В вечернем воздухе тишина. Бурундук куда-то скрылся. Где-то далеко постукивает дятел да изредка хрипло закричит кедровка. И вдруг, прорезав тишину, грянул выстрел, потом другой, третий, четвертый.
Четыре выстрела прогремели из того места, где находился наш лагерь. Четыре винтовочных выстрела… Кто может стрелять и в кого? А вдруг? Вчера мы, проезжая, наткнулись на шалаш браконьеров. Совсем свежие следы.
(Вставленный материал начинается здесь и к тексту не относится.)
(* A path of the predictive resampling after the observed data:
   \<omega> k = (X_{n+1+k}, Y_{n+1+k}).
   pdens p0 \<rho>y \<rho>x n k \<omega> = p_{n+k}(\<cdot> | \<cdot>), a function of the first k entries of \<omega>. *)
primrec pdens :: "(real^'d \<Rightarrow> real \<Rightarrow> real) \<Rightarrow> real \<Rightarrow> ('d::finite \<Rightarrow> real) \<Rightarrow> nat \<Rightarrow> nat
     \<Rightarrow> (nat \<Rightarrow> (real^'d) \<times> real) \<Rightarrow> real^'d \<Rightarrow> real \<Rightarrow> real" where
  "pdens p0 \<rho>y \<rho>x n 0 \<omega> = p0"
| "pdens p0 \<rho>y \<rho>x n (Suc k) \<omega> =
     (\<lambda>x y. let P = (\<lambda>x' y'. LINT t:{..y'}|lborel. pdens p0 \<rho>y \<rho>x n k \<omega> x' t);
               a = alpha_x (n + k + 1) \<rho>x x (fst (\<omega> k));
               q = P x y;
               r = P (fst (\<omega> k)) (snd (\<omega> k))
           in (1 - a + a * gauss_copula \<rho>y q r) * pdens p0 \<rho>y \<rho>x n k \<omega> x y)"

definition pcdf :: "(real^'d \<Rightarrow> real \<Rightarrow> real) \<Rightarrow> real \<Rightarrow> ('d::finite \<Rightarrow> real) \<Rightarrow> nat \<Rightarrow> nat
     \<Rightarrow> (nat \<Rightarrow> (real^'d) \<times> real) \<Rightarrow> real^'d \<Rightarrow> real \<Rightarrow> real" where
  "pcdf p0 \<rho>y \<rho>x n k \<omega> x y = (LINT t:{..y}|lborel. pdens p0 \<rho>y \<rho>x n k \<omega> x t)"

definition path_space :: "(nat \<Rightarrow> (real^'d) \<times> real) measure" where
  "path_space = PiM UNIV (\<lambda>_. borel)"

(* one predictive-resampling step number k+1 (producing (X_{n+k+1}, Y_{n+k+1})) given
   the path so far: X is drawn uniformly among x_1..x_n, X_{n+1}..X_{n+k}
   (Bayesian bootstrap), then Y ~ p_{n+k}(\<cdot> | X). *)
definition step :: "(real^'d \<Rightarrow> real \<Rightarrow> real) \<Rightarrow> real \<Rightarrow> ('d::finite \<Rightarrow> real) \<Rightarrow> nat
     \<Rightarrow> (nat \<Rightarrow> real^'d) \<Rightarrow> nat \<Rightarrow> (nat \<Rightarrow> (real^'d) \<times> real) \<Rightarrow> ((real^'d) \<times> real) measure" where
  "step p0 \<rho>y \<rho>x n xs k \<omega> =
     bind (uniform_count_measure {..<n + k})
       (\<lambda>j. let X = (if j < n then xs j else fst (\<omega> (j - n)))
            in distr (density lborel (\<lambda>y. ennreal (pdens p0 \<rho>y \<rho>x n k \<omega> X y))) borel
                     (\<lambda>y. (X, y)))"

(* law of the path after k resampling steps (entries \<ge> k are a dummy constant) *)
primrec law :: "(real^'d \<Rightarrow> real \<Rightarrow> real) \<Rightarrow> real \<Rightarrow> ('d::finite \<Rightarrow> real) \<Rightarrow> nat
     \<Rightarrow> (nat \<Rightarrow> real^'d) \<Rightarrow> nat \<Rightarrow> (nat \<Rightarrow> (real^'d) \<times> real) measure" where
  "law p0 \<rho>y \<rho>x n xs 0 = return path_space (\<lambda>_. (0, 0))"
| "law p0 \<rho>y \<rho>x n xs (Suc k) =
     bind (law p0 \<rho>y \<rho>x n xs k)
       (\<lambda>\<omega>. distr (step p0 \<rho>y \<rho>x n xs k \<omega>) path_space (\<lambda>z. fun_upd \<omega> k z))"

end

(*
  Write P_k(y | x) for the predictive distribution function after k resampling steps. One step
  replaces it by (1 - a) P_k + a H_k, where a = alpha_x(x, X_{k+1}) is the covariate weight and
  H_k is the distribution function of the density fully updated by the copula with the new
  observation. Averaged over that observation, which is itself drawn from the predictive, H_k gives
  back P_k: by the probability integral transform the observation enters only through a uniform
  variable, and the Gaussian copula density has uniform marginals. So P_k(y | x) is a martingale
  whose increments are bounded by the weight, and the weight is at most C alpha_{k+1} because the
  copula factors c(Phi(x^j), Phi(x'^j)) are bounded uniformly in x'. Hoeffding's lemma and Azuma's
  inequality give the sub-Gaussian tail 2 exp(- eps^2 / (2 C^2 sum alpha_i^2)), which implies the
  Bernstein-type bound of the theorem.

  The initial densities need not be jointly measurable in (x, y); but resampled covariates only
  take the n observed values, so p0 can be replaced by a jointly measurable version without
  changing the law of the resampled path.
*)
theory Submission
  imports Defs
begin

section \<open>Densities on the real line\<close>

definition is_density :: "(real \<Rightarrow> real) \<Rightarrow> bool" where
  "is_density p \<longleftrightarrow> p \<in> borel_measurable lborel \<and> (\<forall>t. p t \<ge> 0) \<and> integrable lborel p
      \<and> (LINT t|lborel. p t) = 1"

definition density_cdf :: "(real \<Rightarrow> real) \<Rightarrow> real \<Rightarrow> real" where
  "density_cdf p y = (LINT t:{..y}|lborel. p t)"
Вот тут у них горел небольшой костерик, а над ним тренога, на которой висел котел для варки пантов. В шалаше три постели из лапника. По всему видно, что тут очень недавно жили люди. Какие люди? Наш проводник Кибезеков говорит:
— Плохой люди. Тана Тува плохой люди. С ними встречаться худо. Им ружье надо, патрон надо. Тана Тува худой люди.
И вот мне приходит в голову, что эти «худой люди» могут позариться на наши ружья, на патроны, и… В Москве грабят, а тут? Тут глушь, бездорожье, и Тана-Тувинская граница рядом. Ищи ветра в поле. Ну кто же мог стрелять в лагере? С такими страшными мыслями спешно укладываю краски, кисти, альбом и, совсем забыв о бурундуке, ухожу из его владений.